Only collect the locations you actually need. Don't store exact GPS traces when hourly centroids suffice.

Common anti-patterns

"Just leave the coordinates" — anonymisation by removing names alone is easily defeated.
Choropleths over small zones — a 5-person zone with 1 case = 20 % rate, but reveals identity.
Open delivery datasets — vehicle GPS traces expose driver homes.
Public Wi-Fi traces — easily linked to individuals.

The re-identification literature

Key papers to know:

Sweeney, L. (2002) — 87 % of Americans identifiable by 5-digit ZIP + birth date + sex.
de Montjoye et al. (2013) — four spatial-temporal points identify 95 % of people in mobile-phone datasets.
Hern (2018) — Strava heatmap revealed military bases.

Ethical considerations beyond privacy

Surveillance

High-resolution imagery + AI = mass visual surveillance. Who's watching? For what purpose?

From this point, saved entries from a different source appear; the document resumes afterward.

(* For x \<ge> 0 the slices of x are its successive truncated base-2^t digits, so the first s of
   them reconstruct x up to 2^(-s t) and the weighted sum of their moduli is at most x; slicing
   commutes with negation, which gives the same for any sign. Scaling row i of A by alpha_i,
   which is at most twice the largest and so at most kappa_A times every entry of the row, turns
   the digit error into the relative error kappa_A 2^(-s_A t) per entry, and likewise for B.
   The exact sum of the psi scaled slice products is the product of the two truncated expansions,
   so it differs from AB by at most zeta |A||B|. Summing psi terms in floating point costs at most
   gamma_(psi-1) times the sum of their moduli, which by the digit bound is at most |A||B|. *)

lemma trunc0_uminus: "trunc0 (- x) = - trunc0 x"
  unfolding trunc0_def by (auto simp: ceiling_minus floor_minus)

lemma trunc0_nonneg: "x \<ge> 0 \<Longrightarrow> trunc0 x = \<lfloor>x\<rfloor>"
  unfolding trunc0_def by simp

lemma slice_uminus: "slice t (- x) l = - slice t x l"
proof (induction l rule: less_induct)
  case (less l)
  have "(\<Sum>r\<in>{1..<l}. real_of_int (slice t (- x) r) / 2 ^ (r * t))
      = - (\<Sum>r\<in>{1..<l}. real_of_int (slice t x r) / 2 ^ (r * t))"
    using less by (simp add: sum_negf[symmetric])
  then show ?case
    by (subst (1 2) slice.simps) (simp add: trunc0_uminus[symmetric] algebra_simps)
qed

definition slice_sum :: "nat \<Rightarrow> real \<Rightarrow> nat \<Rightarrow> real" where
  "slice_sum t x n = (\<Sum>r\<in>{1..n}. real_of_int (slice t x r) / 2 ^ (r * t))"

lemma slice_sum_uminus: "slice_sum t (- x) n = - slice_sum t x n"
  unfolding slice_sum_def slice_uminus by (simp add: sum_negf)

lemma slice_Suc: "slice t x (Suc n) = trunc0 (2 ^ (Suc n * t) * (x - slice_sum t x n))"
  unfolding slice_sum_def by (subst slice.simps) (simp add: atLeastLessThanSuc_atLeastAtMost)

lemma slice_sum_Suc:
  "slice_sum t x (Suc n) = slice_sum t x n + real_of_int (slice t x (Suc n)) / 2 ^ (Suc n * t)"
  unfolding slice_sum_def by simp

lemma slice_residual_nonneg:
  assumes "x \<ge> 0"
  shows "0 \<le> x - slice_sum t x n \<and> (n \<ge> 1 \<longrightarrow> x - slice_sum t x n < 1 / 2 ^ (n * t))"
proof (induction n)
  case 0
  then show ?case using assms by (simp add: slice_sum_def)
next
  case (Suc n)
  define y where "y = 2 ^ (Suc n * t) * (x - slice_sum t x n)"
  have "y \<ge> 0" using Suc unfolding y_def by simp
  then have "slice t x (Suc n) = \<lfloor>y\<rfloor>"
    unfolding slice_Suc y_def[symmetric] by (rule trunc0_nonneg)
  then have "x - slice_sum t x (Suc n) = (y - \<lfloor>y\<rfloor>) / 2 ^ (Suc n * t)"
    unfolding slice_sum_Suc y_def by (simp add: field_simps)
  moreover have "0 \<le> y - \<lfloor>y\<rfloor>" "y - \<lfloor>y\<rfloor> < 1" by linarith+
  ultimately show ?case by (simp add: divide_strict_right_mono)
qed

lemma slice_nonneg: "x \<ge> 0 \<Longrightarrow> r \<ge> 1 \<Longrightarrow> slice t x r \<ge> 0"
  using slice_residual_nonneg[of x t "r - 1"]
  by (cases r) (simp_all add: slice_Suc trunc0_def)

lemma slice_sum_error:
  assumes "n \<ge> 1"
  shows "\<bar>x - slice_sum t x n\<bar> < 1 / 2 ^ (n * t)"
proof (cases "x \<ge> 0")
  case True
  then show ?thesis using slice_residual_nonneg[of x t n] assms by simp
next
  case False
  then have "\<bar>- x - slice_sum t (- x) n\<bar> < 1 / 2 ^ (n * t)"
    using slice_residual_nonneg[of "- x" t n] assms by simp
  then show ?thesis unfolding slice_sum_uminus by (simp add: abs_minus_commute)
qed

lemma slice_abs_sum_le: "(\<Sum>r\<in>{1..n}. \<bar>real_of_int (slice t x r)\<bar> / 2 ^ (r * t)) \<le> \<bar>x\<bar>"
proof -
  have "(\<Sum>r\<in>{1..n}. \<bar>real_of_int (slice t y r)\<bar> / 2 ^ (r * t)) \<le> y" if "y \<ge> 0" for y
  proof -
    have "(\<Sum>r\<in>{1..n}. \<bar>real_of_int (slice t y r)\<bar> / 2 ^ (r * t)) = slice_sum t y n"
      unfolding slice_sum_def using slice_nonneg[OF that] by (intro sum.cong) auto
    then show ?thesis using slice_residual_nonneg[OF that, of t n] by simp
  qed
  from this[of x] this[of "- x"] show ?thesis
    by (cases "x \<ge> 0") (simp_all add: slice_uminus)
qed

lemma pow2_above_pos: "pow2_above M > 0"
  unfolding pow2_above_def by simp

lemma pow2_above_le_double: "M > 0 \<Longrightarrow> pow2_above M \<le> 2 * M"
proof -
  assume "M > 0"
  have "pow2_above M \<le> 2 powr (log 2 M + 1)"
    unfolding pow2_above_def by (intro powr_mono) linarith+
  also have "\<dots> = 2 * M" using \<open>M > 0\<close> by (simp add: powr_add)
  finally show ?thesis .
qed

lemma pow2_above_Max_abs_le:
  fixes f :: "'a::finite \<Rightarrow> real"
  assumes nz: "\<And>q. f q \<noteq> 0"
  shows "pow2_above (Max (range (\<lambda>q. \<bar>f q\<bar>)))
    \<le> 2 * (Max (range (\<lambda>q. \<bar>f q\<bar>)) / Min (range (\<lambda>q. \<bar>f q\<bar>))) * \<bar>f q\<bar>"
proof -
  define M where "M = Max (range (\<lambda>q. \<bar>f q\<bar>))"
  define m where "m = Min (range (\<lambda>q. \<bar>f q\<bar>))"
  have "m \<in> range (\<lambda>q. \<bar>f q\<bar>)" unfolding m_def by (intro Min_in) auto
  then have m_pos: "m > 0" using nz by auto
  have M_pos: "M > 0" unfolding M_def using nz by (simp add: Max_gr_iff)
  have "pow2_above M \<le> 2 * (M / m) * m"
    using pow2_above_le_double[OF M_pos] m_pos by simp
  also have "\<dots> \<le> 2 * (M / m) * \<bar>f q\<bar>"
    using m_pos M_pos unfolding m_def by (intro mult_left_mono Min_le) auto
  finally show ?thesis unfolding M_def m_def .
qed

lemma alphaA_pos: "alphaA A i > 0"
  unfolding alphaA_def by (rule pow2_above_pos)

lemma betaB_pos: "betaB B j > 0"
  unfolding betaB_def by (rule pow2_above_pos)

lemma kappaA_nonneg: "kappaA A \<ge> 0"
  unfolding kappaA_def
  by (auto intro!: divide_nonneg_nonneg simp: Max_ge_iff Min_ge_iff)

lemma kappaB_nonneg: "kappaB B \<ge> 0"
  unfolding kappaB_def
  by (auto intro!: divide_nonneg_nonneg simp: Max_ge_iff Min_ge_iff)

lemma alphaA_le_kappaA:
  assumes "\<And>q. A $ i $ q \<noteq> 0"
  shows "alphaA A i \<le> kappaA A * \<bar>A $ i $ q\<bar>"
  unfolding alphaA_def kappaA_def
  using pow2_above_Max_abs_le[of "\<lambda>q. A $ i $ q" q, OF assms]
  by (rule order_trans) (intro mult_right_mono mult_left_mono Max_ge; simp)

lemma betaB_le_kappaB:
  assumes "\<And>q. B $ q $ j \<noteq> 0"
  shows "betaB B j \<le> kappaB B * \<bar>B $ q $ j\<bar>"
  unfolding betaB_def kappaB_def
  using pow2_above_Max_abs_le[of "\<lambda>q. B $ q $ j" q, OF assms]
  by (rule order_trans) (intro mult_right_mono mult_left_mono Max_ge; simp)

lemma abs_sum_mset_le: "\<bar>sum_mset (M :: real multiset)\<bar> \<le> sum_mset (image_mset abs M)"
  by (induction M) (auto intro: order_trans[OF abs_triangle_ineq])

lemma sum_mset_abs_nonneg: "0 \<le> sum_mset (image_mset abs (M :: real multiset))"
  using order_trans[OF abs_ge_zero abs_sum_mset_le] .

lemma fl_sum_size_pos: "fl_sum u M s \<Longrightarrow> size M \<ge> 1"
  by (induction rule: fl_sum.induct) auto

lemma fl_sum_error:
  assumes "fl_sum u M s" and u: "u \<ge> 0"
  shows "\<bar>s - sum_mset M\<bar> \<le> ((1 + u) ^ (size M - 1) - 1) * sum_mset (image_mset abs M)"
  using assms(1)
proof (induction rule: fl_sum.induct)
  case (single x)
  then show ?case by simp
next
  case (add M1 a M2 b \<delta>)
  define S1 where "S1 = sum_mset (image_mset abs M1)"
  define S2 where "S2 = sum_mset (image_mset abs M2)"
  define E1 where "E1 = (1 + u) ^ (size M1 - 1)"
  define E2 where "E2 = (1 + u) ^ (size M2 - 1)"
  define E where "E = (1 + u) ^ (size (M1 + M2) - 1)"
  have n1: "size M1 \<ge> 1" and n2: "size M2 \<ge> 1"
    using add.hyps fl_sum_size_pos by blast+
  have "E1 * (1 + u) \<le> E" and "E2 * (1 + u) \<le> E"
    unfolding E1_def E2_def E_def using n1 n2 u
    by (auto simp flip: power_Suc2 intro!: power_increasing)
  moreover have "S1 \<ge> 0" "S2 \<ge> 0"
    unfolding S1_def S2_def by (rule sum_mset_abs_nonneg)+
  ultimately have E_bound:
    "(E1 * (1 + u) - 1) * S1 + (E2 * (1 + u) - 1) * S2 \<le> (E - 1) * S1 + (E - 1) * S2"
    by (intro add_mono mult_right_mono) auto
  have e1: "\<bar>a - sum_mset M1\<bar> \<le> (E1 - 1) * S1"
    and e2: "\<bar>b - sum_mset M2\<bar> \<le> (E2 - 1) * S2"
    using add.IH unfolding E1_def E2_def S1_def S2_def by auto
  have "\<bar>a\<bar> \<le> E1 * S1" using e1 abs_sum_mset_le[of M1] unfolding S1_def by argo
  moreover have "\<bar>b\<bar> \<le> E2 * S2" using e2 abs_sum_mset_le[of M2] unfolding S2_def by argo
  ultimately have "\<bar>\<delta> * (a + b)\<bar> \<le> u * (E1 * S1 + E2 * S2)"
    unfolding abs_mult using add.hyps(3) abs_triangle_ineq[of a b]
    by (intro mult_mono) auto
  moreover have "(a + b) * (1 + \<delta>) - sum_mset (M1 + M2)
      = (a - sum_mset M1) + (b - sum_mset M2) + \<delta> * (a + b)"
    by (simp add: algebra_simps)
  ultimately have "\<bar>(a + b) * (1 + \<delta>) - sum_mset (M1 + M2)\<bar>
      \<le> (E1 * (1 + u) - 1) * S1 + (E2 * (1 + u) - 1) * S2"
    using e1 e2 by (simp add: algebra_simps)
  with E_bound show ?case unfolding E_def S1_def S2_def by (simp add: distrib_left)
qed

lemma one_plus_power_le_gamma:
  fixes u :: real
  assumes u: "u \<ge> 0" and mu: "real m * u < 1"
  shows "(1 + u) ^ m - 1 \<le> gamma u m"
proof (cases "m = 0")
  case True
  then show ?thesis by (simp add: gamma_def)
next
  case False
  then have "u \<le> real m * u" using u by (simp add: mult_le_cancel_right1)
  then have "u < 1" using mu by linarith
  have "(1 + u) ^ m * (1 - real m * u) \<le> (1 + u) ^ m * (1 - u) ^ m"
    using Bernoulli_inequality[of "- u" m] \<open>u < 1\<close> u by (intro mult_left_mono) auto
  also have "\<dots> = (1 - u\<^sup>2) ^ m"
    by (simp add: power_mult_distrib[symmetric] power2_eq_square algebra_simps)
  also have "\<dots> \<le> 1" using u \<open>u < 1\<close> by (intro power_le_one) (auto simp: power_le_one)
  finally have "(1 + u) ^ m \<le> 1 / (1 - real m * u)" using mu by (simp add: field_simps)
  then show ?thesis unfolding gamma_def using mu by (simp add: field_simps)
qed

lemma gamma_nonneg: "u \<ge> 0 \<Longrightarrow> real m * u < 1 \<Longrightarrow> gamma u m \<ge> 0"
  unfolding gamma_def by simp

lemma fl_sum_error_gamma:
  assumes "fl_sum u M s" and "u \<ge> 0" and "real (size M - 1) * u < 1"
  shows "\<bar>s - sum_mset M\<bar> \<le> gamma u (size M - 1) * sum_mset (image_mset abs M)"
  using order_trans[OF fl_sum_error[OF assms(1,2)]
      mult_right_mono[OF one_plus_power_le_gamma[OF assms(2,3)] sum_mset_abs_nonneg]] .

Under whose authority?

Algorithmic bias

Models trained on biased data perpetuate bias. Crime-prediction algorithms trained on past arrests reinforce over-policing of certain neighborhoods.

Environmental justice

GIS can reveal disparities (industrial pollution siting) — and it can obscure them (aggregation hiding hotspots in minority communities).

Dual-use dilemmas

Open source satellite imagery + ML = deforestation monitoring AND military targeting. Releasing tools freely has unpredictable consequences.

Practical principles

Consent — collect only with informed consent where possible.
Minimise — the less data, the less risk.
Coarsen — aggregate when possible.
Secure — encrypt at rest and in transit.
Limit access — role-based permissions.
Delete — retention schedules matter.
Audit — log access; review regularly.
Transparent — tell subjects how their data is used.
Accountable — document decisions; review periodically.
Proportionate — the sensitivity of location demands handling proportional to potential harm.

Organisational practice

Appoint a data protection officer.
Conduct Data Protection Impact Assessments (DPIAs) for new spatial datasets.
Train analysts on privacy principles.
Code reviews for location-handling logic.
Cross-functional ethics committees for contentious projects.

Self-check exercises

1. Why does removing names from a GPS dataset not anonymise it?

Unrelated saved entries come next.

(* Let $x\in\mathbb{S}$. Then, as $N\to\infty$ over integers, $\epsilon(N)\to0$, $\epsilon(N,x)\to0$ and $P_N(x,\{x\})\to\pi(\{x\})$.
   Context: Let $\pi,q$ be probability densities with respect to a $\sigma$-finite measure $\mu$ on $(\mathbb{X},\mathcal{X})$ (singletons measurable) with $q>0$ wherever $\pi>0$; $\pi(dx)=\pi(x)\mu(dx)$, $\pi(A)=\int_A\pi(dx)$, $q(dx)=q(x)\mu(dx)$, $\mathbb{S}=\{\pi>0\}$, $w=\pi/q$ on $\mathbb{S}$ and $0$ elsewhere. For integer $N\ge1$ and $z_1\in\mathbb{S}$: $P_N(z_1,A)=\int_{\mathbb{X}^{N-1}}\sum_{i=1}^N\frac{w(z_i)}{\sum_{j=1}^Nw(z_j)}\mathbf 1\{z_i\in A\}\prod_{n=2}^Nq(dz_n)$ ($P_1(z,\cdot)=\delta_z$), $\epsilon(N,z_1)=\int_{\mathbb{X}^{N-1}}\frac{w(z_1)}{\sum_{i=1}^Nw(z_i)}\prod_{n=2}^Nq(dz_n)$, $\epsilon(N)=\int_{\mathbb{S}}\epsilon(N,z)\pi(dz)$. *)

theory Defs
  imports "HOL-Probability.Probability"
begin

definition supp_pi :: "'a measure \<Rightarrow> ('a \<Rightarrow> real) \<Rightarrow> 'a set" where
  "supp_pi M p = {x \<in> space M. p x > 0}"

definition wt :: "'a measure \<Rightarrow> ('a \<Rightarrow> real) \<Rightarrow> ('a \<Rightarrow> real) \<Rightarrow> 'a \<Rightarrow> real" where
  "wt M p q x = (if x \<in> supp_pi M p then p x / q x else 0)"

definition prop_prod :: "'a measure \<Rightarrow> ('a \<Rightarrow> real) \<Rightarrow> nat \<Rightarrow> (nat \<Rightarrow> 'a) measure" where
  "prop_prod M q N = PiM {2..N} (\<lambda>_. density M (\<lambda>x. ennreal (q x)))"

Location itself identifies people. Four data points (home, work, common places) re-identify 95 % of individuals in typical datasets. An adversary with any auxiliary information (employee directory, residential address list) can link "anonymised" traces back to names in minutes. True anonymisation requires coarsening, k-anonymity, or differential privacy — not just name removal.

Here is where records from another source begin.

(* Let $(\mathbb T^2,g)$ be a two-dimensional Riemannian torus and $m\ge1$. If $(\mathbb T^2,g)$ admits a real irreducible rank $m$ Killing tensor field, then $Z^{m-1,c}$ is a potential tensor field for some constant real pseudovector $c\neq0$ of weight $m$. Conversely, assume $(\mathbb T^2,g)$ admits no irreducible Killing tensor fields of ranks $1,\dots,m-1$ (no condition if $m=1$). If $Z^{m-1,c}$ is potential for some constant pseudovector $c\neq0$ of weight $m$, then there exists an irreducible rank $m$ Killing tensor field on the torus.
   Context: Symmetric tensor fields on a Riemannian manifold, product $fh=\sigma(f\otimes h)$, $d=\sigma\nabla$ (symmetrized Levi-Civita covariant derivative). $f$ is Killing if $df=0$; a Killing field of rank $\neq2$ is irreducible if it is not a finite sum $\sum u_iv_i$ of products of Killing fields of positive ranks; for rank 2 one also requires $f\neq cg$, $c$ constant. A field $h$ is potential if $h=dv$ for some smooth symmetric tensor field $v$ (a rank 0 potential field is the zero function). Global isothermal coordinates: $\mathbb T^2=\mathbb C/\Gamma$ for a lattice $\Gamma$, $g=e^{2\mu}(dx^2+dy^2)$ with $\mu$ smooth $\Gamma$-periodic, unique up to $z=az'+b$ for a fixed orientation. A pseudovector of weight $k$ assigns to each such coordinate system a pair $(X^1,X^2)$ with $X^1+iX^2=a^k(X'^1+iX'^2)$, $X^1-iX^2=\bar a^k(X'^1-iX'^2)$ under $z=az'$; constant if $X^1,X^2$ are constants, real if they are real. For $k\ge0$ and a constant pseudovector $c$ of weight $k+1$, $Z^{k,c}$ is the trace free symmetric rank $k$ tensor field with, in global isothermal coordinates, $Z^{k,c}_{1\dots1}=e^{2k\mu}(c^1\mu_x+c^2\mu_y)$, $Z^{k,c}_{1\dots12}=e^{2k\mu}(c^2\mu_x-c^1\mu_y)$, the other components being determined by trace freeness $Z_{1\dots1\,2\dots2}+Z_{1\dots1\,2\dots2\,22}=0$; for $k=0$, $Z^{0,c}=c^1\mu_x+c^2\mu_y$. *)

theory Defs
  imports "HOL-Analysis.Analysis"
begin

text \<open>The torus is T2 = C / Gamma, Gamma the lattice spanned by two
 R-linearly independent periods w1 w2; the metric is g = exp(2 mu)(dx^2+dy^2) in
 these global isothermal coordinates, mu smooth and Gamma-periodic.  Tensor fields on the
 torus are represented by their (complex valued, Gamma-periodic) components in these
 coordinates.  A symmetric rank k field f is stored as f :: nat => complex => complex,
 where f j is the component f_{1..1 2..2} with exactly j indices equal to 2 (j <= k),
 and f j = 0 for j > k.\<close>

definition pdx :: "(complex \<Rightarrow> 'a::real_normed_vector) \<Rightarrow> complex \<Rightarrow> 'a" where
  "pdx f z = frechet_derivative f (at z) 1"

definition pdy :: "(complex \<Rightarrow> 'a::real_normed_vector) \<Rightarrow> complex \<Rightarrow> 'a" where
  "pdy f z = frechet_derivative f (at z) \<i>"

fun Ck :: "nat \<Rightarrow> (complex \<Rightarrow> 'a::real_normed_vector) \<Rightarrow> bool" where
  "Ck 0 f = continuous_on UNIV f"
| "Ck (Suc k) f = (f differentiable_on UNIV \<and> Ck k (pdx f) \<and> Ck k (pdy f))"

definition smooth :: "(complex \<Rightarrow> 'a::real_normed_vector) \<Rightarrow> bool" where
  "smooth f = (\<forall>k. Ck k f)"

definition is_lattice :: "complex \<Rightarrow> complex \<Rightarrow> bool" where
  "is_lattice w1 w2 = (Im (w2 * cnj w1) \<noteq> 0)"

definition periodic :: "complex \<Rightarrow> complex \<Rightarrow> (complex \<Rightarrow> 'a) \<Rightarrow> bool" where
  "periodic w1 w2 f = (\<forall>z. f (z + w1) = f z \<and> f (z + w2) = f z)"

definition tfield :: "complex \<Rightarrow> complex \<Rightarrow> nat \<Rightarrow> (nat \<Rightarrow> complex \<Rightarrow> complex) \<Rightarrow> bool" where
  "tfield w1 w2 k f =
     ((\<forall>j\<le>k. smooth (f j) \<and> periodic w1 w2 (f j)) \<and> (\<forall>j>k. f j = (\<lambda>z. 0)))"

definition real_field :: "(nat \<Rightarrow> complex \<Rightarrow> complex) \<Rightarrow> bool" where
  "real_field f = (\<forall>j z. Im (f j z) = 0)"

definition pd :: "(complex \<Rightarrow> 'a::real_normed_vector) \<Rightarrow> nat \<Rightarrow> complex \<Rightarrow> 'a" where
  "pd f i = (if i = 1 then pdx f else pdy f)"

text \<open>Christoffel symbols Gamma^q_{ip} of g = exp(2 mu) delta:
  Gamma^q_{ip} = delta^q_i mu_p + delta^q_p mu_i - delta_{ip} mu_q.\<close>
definition chr :: "(complex \<Rightarrow> real) \<Rightarrow> nat \<Rightarrow> nat \<Rightarrow> nat \<Rightarrow> complex \<Rightarrow> real" where
  "chr mu q i p z =
     (if q = i then pd mu p z else 0) + (if q = p then pd mu i z else 0)
     - (if i = p then pd mu q z else 0)"

text \<open>Covariant derivative: nab mu k f i j = (nabla_i f)_{1..1 2..2} (j twos), for f of rank k.
  nabla_i f_{i1..ik} = d_i f_{i1..ik} - sum_p Gamma^q_{i i_p} f_{i1..q..ik}.\<close>
definition nab :: "(complex \<Rightarrow> real) \<Rightarrow> nat \<Rightarrow> (nat \<Rightarrow> complex \<Rightarrow> complex) \<Rightarrow> nat \<Rightarrow> nat \<Rightarrow> complex \<Rightarrow> complex" where
  "nab mu k f i j z =
     pd (f j) i z
     - of_nat (k - j) * (of_real (chr mu 1 i 1 z) * f j z + of_real (chr mu 2 i 1 z) * f (j + 1) z)
     - of_nat j * (of_real (chr mu 1 i 2 z) * f (j - 1) z + of_real (chr mu 2 i 2 z) * f j z)"

text \<open>Symmetrized covariant derivative d = sigma nabla, rank k to rank k+1.\<close>
definition dsym :: "(complex \<Rightarrow> real) \<Rightarrow> nat \<Rightarrow> (nat \<Rightarrow> complex \<Rightarrow> complex) \<Rightarrow> nat \<Rightarrow> complex \<Rightarrow> complex" where
  "dsym mu k f j z =
     (if j \<le> k + 1 then
        (of_nat (k + 1 - j) * nab mu k f 1 j z + of_nat j * nab mu k f 2 (j - 1) z) / of_nat (k + 1)
      else 0)"

text \<open>Symmetric product sigma(f (x) h) of a rank k field f and a rank l field h.\<close>
definition sprod :: "nat \<Rightarrow> nat \<Rightarrow> (nat \<Rightarrow> complex \<Rightarrow> complex) \<Rightarrow> (nat \<Rightarrow> complex \<Rightarrow> complex)
                     \<Rightarrow> nat \<Rightarrow> complex \<Rightarrow> complex" where
  "sprod k l f h j z =
     (if j \<le> k + l then
        (\<Sum>a\<le>k. \<Sum>b\<le>l. if a + b = j then of_nat (k choose a) * of_nat (l choose b) * f a z * h b z else 0)
        / of_nat ((k + l) choose j)
      else 0)"

definition metric_tensor :: "(complex \<Rightarrow> real) \<Rightarrow> nat \<Rightarrow> complex \<Rightarrow> complex" where
  "metric_tensor mu j z = (if j = 0 \<or> j = 2 then of_real (exp (2 * mu z)) else 0)"

definition killing :: "complex \<Rightarrow> complex \<Rightarrow> (complex \<Rightarrow> real) \<Rightarrow> nat \<Rightarrow> (nat \<Rightarrow> complex \<Rightarrow> complex) \<Rightarrow> bool" where
  "killing w1 w2 mu k f = (tfield w1 w2 k f \<and> dsym mu k f = (\<lambda>j z. 0))"

definition irreducible_killing ::
  "complex \<Rightarrow> complex \<Rightarrow> (complex \<Rightarrow> real) \<Rightarrow> nat \<Rightarrow> (nat \<Rightarrow> complex \<Rightarrow> complex) \<Rightarrow> bool" where
  "irreducible_killing w1 w2 mu m f =
     (killing w1 w2 mu m f \<and>
      \<not> (\<exists>(n::nat) ku kv u v.
            (\<forall>i<n. 0 < ku i \<and> 0 < kv i \<and> ku i + kv i = m \<and>
                   killing w1 w2 mu (ku i) (u i) \<and> killing w1 w2 mu (kv i) (v i)) \<and>
            f = (\<lambda>j z. \<Sum>i<n. sprod (ku i) (kv i) (u i) (v i) j z)) \<and>
      (m = 2 \<longrightarrow> \<not> (\<exists>c::complex. f = (\<lambda>j z. c * metric_tensor mu j z))))"

definition potential :: "complex \<Rightarrow> complex \<Rightarrow> (complex \<Rightarrow> real) \<Rightarrow> nat \<Rightarrow> (nat \<Rightarrow> complex \<Rightarrow> complex) \<Rightarrow> bool" where
  "potential w1 w2 mu k h =
     (if k = 0 then h = (\<lambda>j z. 0)
      else (\<exists>v. tfield w1 w2 (k - 1) v \<and> h = dsym mu (k - 1) v))"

2. Your client wants to publish a dashboard of asthma patient addresses for research. Ethical issues?

Many. Rooftop-level addresses + medical condition = severe privacy violation. Reframe: aggregate to neighborhood or census tract; ensure each zone has ≥10 patients (k-anonymity); avoid combining with other sensitive attributes; get IRB / ethics board approval; publish under restricted access for qualified researchers only. Never publish rooftop patient data publicly.

3. What's one positive use of spatial privacy techniques?

Enabling life-saving research while protecting subjects. Differentially-private medical geography lets epidemiologists identify disease hotspots without revealing individual patients. Aggregated mobility data (e.g., Google COVID mobility reports) informed public-health decisions while preserving individual privacy. The techniques make useful data sharing compatible with strong privacy.

Summary

Location is PII; treat it accordingly.
Anonymisation needs more than name removal; use k-anonymity or differential privacy.
Legal frameworks (GDPR, CCPA, HIPAA) require specific handling.
Ethics extends beyond privacy — surveillance, bias, dual-use all matter.
Professional practice requires explicit decisions, not defaults.